(* Let $n\ge2$, let $w = l_1\cdots l_k$ be a word in $\mathbb{F}_n^+$ of length $k\ge2$, let $0\le\delta<1$, and let $z_1,\dots,z_{k+1}\in\delta{\mathbb{B}}_n$, $z_i = (z_{i1},\dots,z_{in})$. Let $\rho_{Z,w}$ be the completely contractive representation of ${\mathfrak{A}}_n\times_\phi{\mathbb{Z}}^+$ into $(k+1)\times(k+1)$ matrices determined by $\rho_{Z,w}(U)=0$ and \[ \rho_{Z,w}(S_j) = \operatorname{diag}(z_{ij})_{i=1}^{k+1} + (1-\delta)\sum_{i:\, l_i = j} E_{i,i+1},\qquad 1\le j\le n. \] Then $\rho_{Z,w}(S_w)_{1,k+1} = (1-\delta)^k$ and $\rho_{Z,w}(S_v)_{1,k+1} = 0$ for all other words $v$ with $|v|\le k$. For each word $v$ with $|v|>k$ there is an analytic function $F_v$ on $(\delta{\mathbb{B}}_n)^{k+1}$ with $F_v(0)=0$ such that $\rho_{Z,w}(S_v)_{1,k+1} = F_v(z_1,\dots,z_{k+1})$ for all such choices of $z_1,\dots,z_{k+1}$. Moreover, if the coordinates $\{z_{ij}: 1\le i\le k+1,\ 1\le j\le n\}$ are all distinct, then the range of $\rho_{Z,w}$ is all of ${\mathfrak{T}}_{k+1}$, so that $\rho_{Z,w}\in{\mathcal{N}}_{Z,k+1}$.
   Context: ${\mathfrak{A}}_n$ is the non-commutative disc algebra generated by the left creation operators $S_1,\dots,S_n$ on full Fock space; for a word $v = j_1\cdots j_m\in\mathbb{F}_n^+$ (free semigroup on $n$ letters) $S_v = S_{j_1}\cdots S_{j_m}$. $\phi$ is an isometric automorphism of ${\mathfrak{A}}_n$ and ${\mathfrak{A}}_n\times_\phi{\mathbb{Z}}^+$ is the universal operator algebra generated by ${\mathfrak{A}}_n$ and a contraction $U$ with $AU=U\phi(A)$; since the row $[\rho_{Z,w}(S_1)\ \cdots\ \rho_{Z,w}(S_n)]$ has norm $<1$, the formulas determine a completely contractive representation. $E_{i,i+1}$ are matrix units and ${\mathfrak{T}}_{k+1}$ is the algebra of upper triangular $(k+1)\times(k+1)$ matrices. For $z\in{\mathbb{B}}_n$, $\theta_{z,0}$ is the character of ${\mathfrak{A}}_n\times_\phi{\mathbb{Z}}^+$ with $\theta_{z,0}(S_i) = z_i$ and $\theta_{z,0}(U)=0$. A nest representation of size $m$ is a representation onto ${\mathfrak{T}}_m$, with diagonal characters $\theta_{\pi,i}(A)=\langle\pi(A)\xi_i,\xi_i\rangle$; for $Z=(z_1,z_2,\dots)$, ${\mathcal{N}}_{Z,m}$ is the set of $m\times m$ nest representations $\pi$ with $\theta_{\pi,i}=\theta_{z_i,0}$, $1\le i\le m$. *)

theory Defs
  imports "HOL-Analysis.Analysis"
begin

text \<open>Matrices of size m are modelled as functions nat => nat => complex,
  only the entries with indices in {1..m} being relevant.
  Words in the free semigroup on n letters are lists over {1..n}.
  A tuple Z = (z_1,...,z_{k+1}) of points of C^n is a function z with
  z i j = z_{ij}.\<close>

type_synonym cmat = "nat \<Rightarrow> nat \<Rightarrow> complex"

definition mat_one :: cmat where
  "mat_one i j = (if i = j then 1 else 0)"

definition mat_mul :: "nat \<Rightarrow> cmat \<Rightarrow> cmat \<Rightarrow> cmat" where
  "mat_mul m A B i j = (\<Sum>l = 1..m. A i l * B l j)"

definition word_mat :: "nat \<Rightarrow> (nat \<Rightarrow> cmat) \<Rightarrow> nat list \<Rightarrow> cmat" where
  "word_mat m A v = foldr (\<lambda>j M. mat_mul m (A j) M) v mat_one"

definition rho_S :: "real \<Rightarrow> (nat \<Rightarrow> nat \<Rightarrow> complex) \<Rightarrow> nat list \<Rightarrow> nat \<Rightarrow> cmat" where
  "rho_S \<delta> z w j r c =
     (if r = c then z r j else 0)
     + (if c = r + 1 \<and> 1 \<le> r \<and> r \<le> length w \<and> w ! (r - 1) = j
        then complex_of_real (1 - \<delta>) else 0)"

definition rho_word :: "real \<Rightarrow> (nat \<Rightarrow> nat \<Rightarrow> complex) \<Rightarrow> nat list \<Rightarrow> nat list \<Rightarrow> cmat" where
  "rho_word \<delta> z w v = word_mat (length w + 1) (rho_S \<delta> z w) v"

definition in_scaled_ball :: "real \<Rightarrow> nat \<Rightarrow> (nat \<Rightarrow> complex) \<Rightarrow> bool" where
  "in_scaled_ball \<delta> n x \<longleftrightarrow>
     (\<exists>y. (\<Sum>j = 1..n. (cmod (y j))\<^sup>2) < 1 \<and> (\<forall>j \<in> {1..n}. x j = complex_of_real \<delta> * y j))"

definition scaled_polyball :: "real \<Rightarrow> nat \<Rightarrow> nat \<Rightarrow> (nat \<Rightarrow> nat \<Rightarrow> complex) set" where
  "scaled_polyball \<delta> n m = {z. \<forall>i \<in> {1..m}. in_scaled_ball \<delta> n (z i)}"

text \<open>Analyticity in the finitely many complex variables z_{ij}, (i,j) in I, on D:
  near every point a of D, F is the sum of an (unconditionally, i.e. absolutely)
  convergent power series in the variables (z_{ij} - a_{ij}), (i,j) in I.\<close>
definition analytic_several ::
  "(nat \<times> nat) set \<Rightarrow> (nat \<Rightarrow> nat \<Rightarrow> complex) set \<Rightarrow> ((nat \<Rightarrow> nat \<Rightarrow> complex) \<Rightarrow> complex) \<Rightarrow> bool" where
  "analytic_several I D F \<longleftrightarrow>
     (\<forall>a \<in> D. \<exists>e > 0. \<exists>c :: ((nat \<times> nat) \<Rightarrow> nat) \<Rightarrow> complex.
        \<forall>z \<in> D. (\<forall>x \<in> I. cmod (z (fst x) (snd x) - a (fst x) (snd x)) < e) \<longrightarrow>
          ((\<lambda>\<alpha>. c \<alpha> * (\<Prod>x \<in> I. (z (fst x) (snd x) - a (fst x) (snd x)) ^ \<alpha> x))
             has_sum F z) {\<alpha>. \<forall>x. x \<notin> I \<longrightarrow> \<alpha> x = 0})"

definition upper_tri :: "nat \<Rightarrow> cmat \<Rightarrow> bool" where
  "upper_tri m M \<longleftrightarrow> (\<forall>i \<in> {1..m}. \<forall>j \<in> {1..m}. j < i \<longrightarrow> M i j = 0)"

text \<open>M (restricted to indices {1..m}) lies in the range of rho_{Z,w}: since
  rho(U) = 0 and we are in finite dimensions, this range is the linear span of the
  rho(S_v), v ranging over all words (including the empty word, giving I).\<close>
definition in_rho_range :: "real \<Rightarrow> (nat \<Rightarrow> nat \<Rightarrow> complex) \<Rightarrow> nat \<Rightarrow> nat list \<Rightarrow> cmat \<Rightarrow> bool" where
  "in_rho_range \<delta> z n w M \<longleftrightarrow>
     (\<exists>V c. finite V \<and> (\<forall>v \<in> V. set v \<subseteq> {1..n}) \<and>
        (\<forall>i \<in> {1..length w + 1}. \<forall>j \<in> {1..length w + 1}.
           M i j = (\<Sum>v \<in> V. c v * rho_word \<delta> z w v i j)))"

end
(* Let $n\ge1$ and let $X,Y\in\widetilde{Sp}(\mathbb{R}^n\times\mathbb{R}^n)$ with $X\neq Y$. Then there exists $f\in A_{fin}[\widetilde{Sp}(\mathbb{A}^1_n)]$ with $\varphi_X(f)\neq\varphi_Y(f)$.
   Context: A pair $(\mathbf z,\mathbf z')\in\mathbb{R}^n\times\mathbb{R}^n$ is degenerate if $z_j=z'_j$ for some $j$. $\widetilde{Sp}(\mathbb{R}^n\times\mathbb{R}^n)$ is the set of finite multisets of points of $\mathbb{R}^n\times\mathbb{R}^n$ modulo the equivalence relation generated by adding or removing degenerate pairs. For $m\ge1$ let $P_m=\mathbb{R}[x_{ij},y_{ij}]_{1\le i\le m,\,1\le j\le n}$ graded by total degree; $S_m$ permutes the block index $i$ simultaneously in $x$ and $y$; $A_m=P_m^{S_m}$; $\pi_m:A_{m+1}\to A_m$ sets $x_{m+1,j}=y_{m+1,j}=0$; $A^\infty_{fin}=\varprojlim_m A_m$ in graded rings (finite sums of compatible families of homogeneous elements of a common degree). For a finite multiset $X=\{(\mathbf{x}_1,\mathbf{y}_1),\dots,(\mathbf{x}_r,\mathbf{y}_r)\}$ and $f\in A^\infty_{fin}$, $\varphi_X(f)=f_m(\mathbf{x}_1,\mathbf{y}_1,\dots,\mathbf{x}_r,\mathbf{y}_r,0,\dots,0)$ for any $m\ge r$. $A_{fin}[\widetilde{Sp}(\mathbb{A}^1_n)]$ is the set of $f\in A^\infty_{fin}$ with $\varphi_{X\cup\{(\mathbf z,\mathbf z')\}}(f)=\varphi_X(f)$ for all finite multisets $X$ and degenerate pairs $(\mathbf z,\mathbf z')$; for such $f$, $\varphi_X(f)$ is well defined for $X\in\widetilde{Sp}(\mathbb{R}^n\times\mathbb{R}^n)$. *)

theory Defs
  imports "HOL-Analysis.Analysis" "HOL-Library.Multiset" "HOL-Combinatorics.Permutations"
begin

text \<open>Points of R^n x R^n; the dimension n is the cardinality of the finite index type 'n.
  A configuration assigns to each block index i a point (x_i, y_i); an element of P_m is
  represented by the polynomial function it induces on configurations (only blocks i < m,
  i.e. the paper's blocks 1..m, are used).\<close>

type_synonym 'n pt = "(real^'n) \<times> (real^'n)"
type_synonym 'n conf = "nat \<Rightarrow> 'n pt"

-----

What to work on →
Using the records above, work out how many lines hold the string "blocks"; answer with that number alone.

Answer area →
2